President of Nigerian Stock Exchange
- In office 2000–2003

Personal details
- Born: November 13, 1927
- Died: July 25, 2020 (aged 92)
- Citizenship: Nigerian
- Spouse(s): Rahat Abdulrazaq, Loretta Kethleen Rasaq
- Children: 14
- Parents: Abdulrazaq (father); Munirat (mother);
- Occupation: Lawyer;

= Abdulganiyu Abdulrasaq =

Commissioner of Finance (1927–2020)

Abdulganiyu Folorunsho AbdulRazaq (A.G.F) (November 13, 1927 – July 25, 2020) was the first Commissioner of Finance for Kwara State after the state was formed in 1967 under Yakubu Gowon's military administration. He was also the first lawyer from the Northern part of Nigeria. He was President of the Nigerian Stock Exchange from 2000 - 2003 and Vice-President of the Nigerian Stock Exchange from 1983 - 2000.

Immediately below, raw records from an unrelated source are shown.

(* Fix a number $x$ (real or complex). For a real parameter $\alpha$, say a sequence $(u_n)_{n\ge0}$ satisfies (RE($\alpha$)) if $(n+\alpha)u_{n+1}=2xn\,u_n-(n-\alpha)u_{n-1}$ for all $n\ge1$ (and a sequence $(w_n)_{n\ge1}$ satisfies it for $n\ge2$ if the same identity holds for all $n\ge2$). If $(u_n)_{n\ge0}$ satisfies $(n+\tfrac12)u_{n+1}=2xn\,u_n-(n-\tfrac12)u_{n-1}$ for all $n\ge1$, and $\hat u_n=\frac1n\,(u_{n+1}-u_{n-1})$ for $n\ge1$, then $(n+\tfrac32)\hat u_{n+1}=2xn\,\hat u_n-(n-\tfrac32)\hat u_{n-1}$ for all $n\ge2$. *)

theory Defs
  imports Complex_Main
begin

definition RE :: "complex \<Rightarrow> real \<Rightarrow> (nat \<Rightarrow> complex) \<Rightarrow> bool" where
  "RE x \<alpha> u \<longleftrightarrow> (\<forall>n\<ge>1. (of_nat n + of_real \<alpha>) * u (n+1)
        = 2 * x * of_nat n * u n - (of_nat n - of_real \<alpha>) * u (n-1))"

definition RE_from2 :: "complex \<Rightarrow> real \<Rightarrow> (nat \<Rightarrow> complex) \<Rightarrow> bool" where
  "RE_from2 x \<alpha> w \<longleftrightarrow> (\<forall>n\<ge>2. (of_nat n + of_real \<alpha>) * w (n+1)
        = 2 * x * of_nat n * w n - (of_nat n - of_real \<alpha>) * w (n-1))"

end

theory Submission
  imports Defs
begin

text \<open>Differencing the recurrence RE(\<alpha>) raises the parameter by one: combining the
  recurrence at n - 1 and at n + 1 (with weights n + 1 and n - 1) eliminates everything
  except the differences u(k+1) - u(k-1), and dividing by k turns these into the
  difference quotients.\<close>

lemma recurrence_difference_identity:
  fixes m a x v0 v1 v2 v3 v4 :: "'a::comm_ring_1"
  assumes upper: "(m + 1 + a) * v4 = 2 * x * (m + 1) * v3 - (m + 1 - a) * v2"
    and lower: "(m - 1 + a) * v2 = 2 * x * (m - 1) * v1 - (m - 1 - a) * v0"
  shows "(m - 1) * (m + 1 + a) * (v4 - v2)
    = 2 * x * (m + 1) * (m - 1) * (v3 - v1) - (m + 1) * (m - 1 - a) * (v2 - v0)"
proof -
  have "(m - 1) * (m + 1 + a) * (v4 - v2)
      - (2 * x * (m + 1) * (m - 1) * (v3 - v1) - (m + 1) * (m - 1 - a) * (v2 - v0))
    = (m - 1) * ((m + 1 + a) * v4 - (2 * x * (m + 1) * v3 - (m + 1 - a) * v2))
      - (m + 1) * ((m - 1 + a) * v2 - (2 * x * (m - 1) * v1 - (m - 1 - a) * v0))"
    by (simp add: algebra_simps)
  with upper lower show ?thesis
    by simp
qed

lemma recurrence_difference_quotient:
  fixes m a x v0 v1 v2 v3 v4 :: "'a::field"
  assumes upper: "(m + 1 + a) * v4 = 2 * x * (m + 1) * v3 - (m + 1 - a) * v2"
    and lower: "(m - 1 + a) * v2 = 2 * x * (m - 1) * v1 - (m - 1 - a) * v0"
    and "m - 1 \<noteq> 0" "m \<noteq> 0" "m + 1 \<noteq> 0"
  shows "(m + (a + 1)) * ((v4 - v2) / (m + 1))
    = 2 * x * m * ((v3 - v1) / m) - (m - (a + 1)) * ((v2 - v0) / (m - 1))"
proof -
  have "(m + (a + 1)) * ((v4 - v2) / (m + 1))
      = (m - 1) * (m + 1 + a) * (v4 - v2) / ((m - 1) * (m + 1))"
    using assms(3,5) by (simp add: ac_simps)
  also have "\<dots> = (2 * x * (m + 1) * (m - 1) * (v3 - v1) - (m + 1) * (m - 1 - a) * (v2 - v0))
      / ((m - 1) * (m + 1))"
    by (simp only: recurrence_difference_identity [OF upper lower])
  also have "\<dots> = 2 * x * m * ((v3 - v1) / m) - (m - (a + 1)) * ((v2 - v0) / (m - 1))"
    using assms(3-5) by (simp add: divide_simps) algebra
  finally show ?thesis .
qed

lemma RE_difference_quotient:
  fixes x :: complex and u w :: "nat \<Rightarrow> complex"
  assumes "RE x \<alpha> u"
    and w: "\<And>n. n \<ge> 1 \<Longrightarrow> w n = (u (n+1) - u (n-1)) / of_nat n"
  shows "RE_from2 x (\<alpha> + 1) w"
  unfolding RE_from2_def
proof (intro allI impI)
  fix n :: nat
  assume "n \<ge> 2"
  define m :: complex where "m = of_nat n"
  define a :: complex where "a = of_real \<alpha>"
  have m_minus_1: "of_nat (n - 1) = m - 1"
    using \<open>n \<ge> 2\<close> by (simp add: m_def of_nat_diff)
  have RE_at: "(of_nat k + a) * u (k+1) = 2 * x * of_nat k * u k - (of_nat k - a) * u (k-1)"
    if "k \<ge> 1" for k
    using \<open>RE x \<alpha> u\<close> that unfolding RE_def a_def by blast
  have upper: "(m + 1 + a) * u (n+2) = 2 * x * (m + 1) * u (n+1) - (m + 1 - a) * u n"
    using RE_at[of "n+1"] by (simp add: m_def algebra_simps)
  have lower: "(m - 1 + a) * u n = 2 * x * (m - 1) * u (n-1) - (m - 1 - a) * u (n-2)"
    using RE_at[of "n-1"] \<open>n \<ge> 2\<close> m_minus_1 by (simp add: numeral_2_eq_2)
  have w_next: "w (n+1) = (u (n+2) - u n) / (m + 1)"
    using w[of "n+1"] by (simp add: m_def add.assoc)
  have w_here: "w n = (u (n+1) - u (n-1)) / m"
    using w[of n] \<open>n \<ge> 2\<close> by (simp add: m_def)
  have w_prev: "w (n-1) = (u n - u (n-2)) / (m - 1)"
    using w[of "n-1"] \<open>n \<ge> 2\<close> m_minus_1 by (simp add: numeral_2_eq_2)
  have m_plus_1: "m + 1 = of_nat (n + 1)"
    by (simp add: m_def)
  have "m - 1 \<noteq> 0"
    unfolding m_minus_1 [symmetric] of_nat_eq_0_iff using \<open>n \<ge> 2\<close> by simp
  moreover have "m \<noteq> 0"
    using \<open>n \<ge> 2\<close> by (simp add: m_def)
  moreover have "m + 1 \<noteq> 0"
    unfolding m_plus_1 of_nat_eq_0_iff by simp
  ultimately show "(of_nat n + of_real (\<alpha> + 1)) * w (n+1)
      = 2 * x * of_nat n * w n - (of_nat n - of_real (\<alpha> + 1)) * w (n-1)"
    unfolding w_next w_here w_prev of_real_add of_real_1 m_def [symmetric] a_def [symmetric]
    by (rule recurrence_difference_quotient [OF upper lower])
qed

theorem theorem1:
  fixes x :: complex and u uhat :: "nat \<Rightarrow> complex"
  assumes "RE x (1/2) u"
    and "\<And>n. n \<ge> 1 \<Longrightarrow> uhat n = (u (n+1) - u (n-1)) / of_nat n"
  shows "RE_from2 x (3/2) uhat"
  using RE_difference_quotient[OF assms] by simp

end
lemma free_map_the_inv_into:
  fixes f :: "'a::semiring_1 tup \<Rightarrow> 'a tup"
  assumes f: "free_map N Nh D f" and inj: "inj_on f D"
  shows "free_map Nh N (f ` D) (the_inv_into D f)"
proof -
  let ?g = "the_inv_into D f"
  have D: "free_set N D" using f by (rule free_map_free_set)
  have g: "?g (f X) = X" if "X \<in> D" for X
    using the_inv_into_f_f[OF inj that] .
  have tconj_image: "\<exists>X \<in> D. X' = f X \<and> tconj T S X \<in> D \<and> tconj T S X' = f (tconj T S X)"
    if X': "X' \<in> f ` D" and ST: "S \<in> carrier_mat (fst X') (fst X') \<and> T \<in> carrier_mat (fst X') (fst X')
      \<and> S * T = 1\<^sub>m (fst X') \<and> T * S = 1\<^sub>m (fst X')" for X' and S T :: "'a mat"
  proof -
    obtain X where X: "X \<in> D" and X'_eq: "X' = f X" using X' by blast
    then show ?thesis
      using ST free_set_tconj[OF D X] free_map_tconj[OF f X] free_map_fst[OF f X] by auto
  qed
  have fD: "free_set Nh (f ` D)"
    unfolding free_set_def
  proof (intro conjI ballI allI impI)
    show "f ` D \<subseteq> tuples Nh"
      using free_map_tuples[OF f] by blast
  next
    fix X' Y' assume "X' \<in> f ` D" "Y' \<in> f ` D"
    then obtain X Y where X: "X \<in> D" and Y: "Y \<in> D" and "X' = f X" "Y' = f Y" by blast
    then show "tsum X' Y' \<in> f ` D"
      using imageI[OF free_set_tsum[OF D X Y], of f] free_map_tsum[OF f X Y] by simp
  next
    fix X' and S T :: "'a mat"
    assume "X' \<in> f ` D" and "S \<in> carrier_mat (fst X') (fst X') \<and> T \<in> carrier_mat (fst X') (fst X')
      \<and> S * T = 1\<^sub>m (fst X') \<and> T * S = 1\<^sub>m (fst X')"
    then show "tconj T S X' \<in> f ` D"
      using tconj_image by blast
  qed
  show ?thesis
    unfolding free_map_def
  proof (intro conjI ballI allI impI fD)
    fix X' assume "X' \<in> f ` D"
    then show "?g X' \<in> tuples N" "fst (?g X') = fst X'"
      using g free_set_tuples[OF D] free_map_fst[OF f] by auto
  next
    fix X' Y' assume "X' \<in> f ` D" "Y' \<in> f ` D"
    then obtain X Y where X: "X \<in> D" and Y: "Y \<in> D" and "X' = f X" "Y' = f Y" by blast
    then show "?g (tsum X' Y') = tsum (?g X') (?g Y')"
      using g[OF free_set_tsum[OF D X Y]] free_map_tsum[OF f X Y] g[OF X] g[OF Y] by simp
  next
    fix X' and S T :: "'a mat"
    assume "X' \<in> f ` D" and "S \<in> carrier_mat (fst X') (fst X') \<and> T \<in> carrier_mat (fst X') (fst X')
      \<and> S * T = 1\<^sub>m (fst X') \<and> T * S = 1\<^sub>m (fst X')"
    then obtain X where "X \<in> D" "X' = f X" "tconj T S X \<in> D" "tconj T S X' = f (tconj T S X)"
      using tconj_image by blast
    then show "?g (tconj T S X') = tconj T S (?g X')"
      using g by simp
  qed
qed
lemma tail_zero_imp_cores_zero:
  assumes "1 \<le> a" "a \<le> d" "\<forall>i\<in>tt_index d n. \<forall>\<alpha><r (a - 1). tail i a \<alpha> = 0"
    and "a \<le> k" "k \<le> d" "x < n k"
  shows "W k x = 0\<^sub>m (r (k - 1)) (r k)"
  using assms
proof (induction "d - a" arbitrary: a)
  case 0
  then have k: "k = d" "a = d" by auto
  define i where "i = (\<lambda>j. if j = d then x else 0)"
  have i: "i \<in> tt_index d n" using 0 k n_pos by (auto simp: tt_index_def i_def)
  have Wx: "W d x \<in> carrier_mat (r (d - 1)) 1"
    using core_dims_carrier[OF W_dims, of d x] 0 k r_last by auto
  have "W d x $$ (\<alpha>, 0) = 0" if "\<alpha> < r (d - 1)" for \<alpha>
  proof -
    have "tail i d \<alpha> = 0" using "0.prems"(3) i that k by simp
    moreover have "tail i d \<alpha> = W d x $$ (\<alpha>, 0)"
      using tangent_tail_last[where r = r and d = d and W = W and i = i, OF r_last] Wx by (simp add: i_def)
    ultimately show ?thesis by simp
  qed
  then show ?case using Wx k r_last by (intro eq_matI) auto
next
  case (Suc y)
  then have a: "1 \<le> a" "a < d" by auto
  show ?case
  proof (cases "k = a")
    case True
    have "W a x \<in> carrier_mat (r (a - 1)) (r a)"
      using core_dims_carrier[OF W_dims, of a x] Suc.prems True by auto
    moreover have "W a x $$ (\<alpha>, \<gamma>) = 0" if "\<alpha> < r (a - 1)" "\<gamma> < r a" for \<alpha> \<gamma>
      using tail_zero_imp_core_zero[OF a Suc.prems(3)] Suc.prems(6) True that by simp
    ultimately show ?thesis using True by (intro eq_matI) auto
  next
    case False
    have zero: "\<forall>i\<in>tt_index d n. \<forall>\<alpha><r (Suc a - 1). tail i (Suc a) \<alpha> = 0"
      using tail_zero_imp_tail_Suc_zero[OF a Suc.prems(3)] by simp
    show ?thesis
      using Suc.hyps(1)[of "Suc a", OF _ _ _ zero] Suc.hyps(2) Suc.prems False a by simp
  qed
qed
lemma card_subsets_Suc:
  "card_subsets (Suc n) (Suc m) = card_subsets n (Suc m) \<union> insert (Suc n) ` card_subsets n m"
proof (intro equalityI subsetI)
  fix S assume S: "S \<in> card_subsets (Suc n) (Suc m)"
  show "S \<in> card_subsets n (Suc m) \<union> insert (Suc n) ` card_subsets n m"
  proof (cases "Suc n \<in> S")
    case True
    then have "S - {Suc n} \<in> card_subsets n m" "S = insert (Suc n) (S - {Suc n})"
      using S finite_if_in_card_subsets[OF S] unfolding card_subsets_def by auto
    then show ?thesis by blast
  next
    case False
    then have "S \<in> card_subsets n (Suc m)"
      using S unfolding card_subsets_def by (force simp: subset_iff le_Suc_eq)
    then show ?thesis by blast
  qed
next
  fix S assume "S \<in> card_subsets n (Suc m) \<union> insert (Suc n) ` card_subsets n m"
  then show "S \<in> card_subsets (Suc n) (Suc m)"
  proof
    assume "S \<in> card_subsets n (Suc m)"
    then show ?thesis unfolding card_subsets_def by auto
  next
    assume "S \<in> insert (Suc n) ` card_subsets n m"
    then obtain S' where S': "S' \<in> card_subsets n m" "S = insert (Suc n) S'" by blast
    then show ?thesis
      using finite_if_in_card_subsets[OF S'(1)] unfolding card_subsets_def
      by (auto simp: card_insert_if)
  qed
qed

lemma sum_card_subsets_Suc:
  fixes f :: "nat set \<Rightarrow> 'a::comm_monoid_add"
  shows "(\<Sum>S\<in>card_subsets (Suc n) (Suc m). f S)
       = (\<Sum>S\<in>card_subsets n (Suc m). f S) + (\<Sum>S\<in>card_subsets n m. f (insert (Suc n) S))"
proof -
  have not_in: "Suc n \<notin> S" if "S \<in> card_subsets n k" for S k
    using that unfolding card_subsets_def by auto
  have "inj_on (insert (Suc n)) (card_subsets n m)"
    by (rule inj_onI) (metis Diff_insert_absorb not_in)
  moreover have "card_subsets n (Suc m) \<inter> insert (Suc n) ` card_subsets n m = {}"
    using not_in by blast
  ultimately show ?thesis
    unfolding card_subsets_Suc
    by (simp add: sum.union_disjoint sum.reindex finite_card_subsets)
qed

lemma fT_eq_sum_card_subsets:
  "fT n b m p q = (\<Sum>S\<in>card_subsets n m. \<Prod>i\<in>S. Fib p q (b i))"
proof -
  have "file_placements n b m
      = {(S, T). S \<in> card_subsets n m \<and> T \<in> (\<Pi>\<^sub>E i\<in>S. fib_tilings ((\<lambda>S i. b i) S i))}"
    unfolding file_placements_def card_subsets_def by auto
  then show ?thesis
    unfolding fT_def
    by (simp add: sum_placement_weight finite_card_subsets finite_if_in_card_subsets)
qed

lemma rT_eq_sum_card_subsets:
  "rT n b m p q = (\<Sum>S\<in>card_subsets n m. \<Prod>i\<in>S. Fib p q (b (i - card {j\<in>S. j < i})))"
proof -
  have "rook_placements n b m = {(S, T). S \<in> card_subsets n m \<and>
      T \<in> (\<Pi>\<^sub>E i\<in>S. fib_tilings ((\<lambda>S i. b (i - card {j\<in>S. j < i})) S i))}"
    unfolding rook_placements_def card_subsets_def by auto
  then show ?thesis
    unfolding rT_def
    by (simp add: sum_placement_weight finite_card_subsets finite_if_in_card_subsets)
qed

definition file_number :: "(nat \<Rightarrow> 'a::comm_ring_1) \<Rightarrow> nat \<Rightarrow> nat \<Rightarrow> 'a" where
  "file_number c n m = (\<Sum>S\<in>card_subsets n m. \<Prod>i\<in>S. c (i - 1))"

definition rook_number :: "(nat \<Rightarrow> 'a::comm_ring_1) \<Rightarrow> nat \<Rightarrow> nat \<Rightarrow> 'a" where
  "rook_number c n m = (\<Sum>S\<in>card_subsets n m. \<Prod>i\<in>S. c (i - card {j\<in>S. j < i} - 1))"

lemma file_number_0 [simp]: "file_number c n 0 = 1"
  by (simp add: file_number_def card_subsets_0)

lemma file_number_eq_0: "n < m \<Longrightarrow> file_number c n m = 0"
  by (simp add: file_number_def card_subsets_eq_empty)

lemma file_number_Suc:
  "file_number c (Suc n) (Suc m) = file_number c n (Suc m) + c n * file_number c n m"
proof -
  have "(\<Prod>i\<in>insert (Suc n) S. c (i - 1)) = c n * (\<Prod>i\<in>S. c (i - 1))"
    if "S \<in> card_subsets n m" for S
    using that finite_if_in_card_subsets[OF that] unfolding card_subsets_def
    by (subst prod.insert) auto
  then show ?thesis
    unfolding file_number_def sum_card_subsets_Suc sum_distrib_left by simp
qed

lemma rook_number_0 [simp]: "rook_number c n 0 = 1"
  by (simp add: rook_number_def card_subsets_0)

lemma rook_number_eq_0: "n < m \<Longrightarrow> rook_number c n m = 0"
  by (simp add: rook_number_def card_subsets_eq_empty)

lemma rook_number_Suc:
  "rook_number c (Suc n) (Suc m) = rook_number c n (Suc m) + c (n - m) * rook_number c n m"
proof -
  have "(\<Prod>i\<in>insert (Suc n) S. c (i - card {j\<in>insert (Suc n) S. j < i} - 1))
      = c (n - m) * (\<Prod>i\<in>S. c (i - card {j\<in>S. j < i} - 1))"
    if S: "S \<in> card_subsets n m" for S
  proof -
    have S_sub: "S \<subseteq> {1..n}" and "card S = m"
      using S unfolding card_subsets_def by auto
    then have "{j\<in>insert (Suc n) S. j < Suc n} = S" "card S = m"
      by auto
    moreover have "{j\<in>insert (Suc n) S. j < i} = {j\<in>S. j < i}" if "i \<in> S" for i
      using that S_sub by auto
    moreover have "Suc n \<notin> S" using S_sub by auto
    ultimately show ?thesis
      using finite_if_in_card_subsets[OF S] by (simp cong: prod.cong)
  qed
  then show ?thesis
    unfolding rook_number_def sum_card_subsets_Suc sum_distrib_left by simp
qed

definition linear_prod :: "(nat \<Rightarrow> 'a::comm_ring_1) \<Rightarrow> nat \<Rightarrow> 'a poly" where
  "linear_prod c k = (\<Prod>i<k. [:c i, 1:])"

lemma linear_prod_Suc: "linear_prod c (Suc k) = linear_prod c k * [:c k, 1:]"
  unfolding linear_prod_def by simp

lemma coeff_linear_prod_above: "k < j \<Longrightarrow> coeff (linear_prod c k) j = 0"
proof (induction k arbitrary: j)
  case 0
  then show ?case by (simp add: linear_prod_def coeff_1)
next
  case (Suc k)
  then show ?case by (cases j) (simp_all add: linear_prod_Suc)
qed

==Early life and education==
Abdulganiyu was born in Onitsha on November 13, 1927, to Munirat and Abdul Rasaq. Both his parents were indigenous of Ilorin, Kwara State from Onokatapo and Yerinsa quarters (presently Adewole ward, Ilorin-West) respectively. He studied at the United African School in Ilorin from 1935 till 1936. In 1938, he started at CMS Central school, Onitsha and left in 1943 at the end of his primary education. He started his secondary education at the Kalahari National College, Buguma in 1944 and was there till 1945 when he left to attend African College, Onitsha. He was at African College till 1947. He was a foundation student at the University College, Ibadan (now University of Ibadan) in 1948.

==Career==
Abdulganiyu Folorunsho AbdulRazaq was called to bar on February 8, 1955, at the Inner Temple, London. After his return to Nigeria, he was made a special member of the Northern House of Assembly from 1960 - 1962 following the Country's independence. Following that, he was the Nigerian Ambassador to the Republic of Ivory Coast from 1962 to 1964. He was a member of the Federal Parliament from 1964 to 1966 as the Federal Cabinet Minister of State for Transport. He then became the Kwara State Commissioner of Finance, Health and Social welfare from 1967 - 1972. Abdulganiyu was a member of the Capital Issues Commission from 1973 to 1978 and has also been a member of the International Commission of Jurists since 1959. He was the chairman of the Nigerian Council of human rights and has been the chairman since 1987.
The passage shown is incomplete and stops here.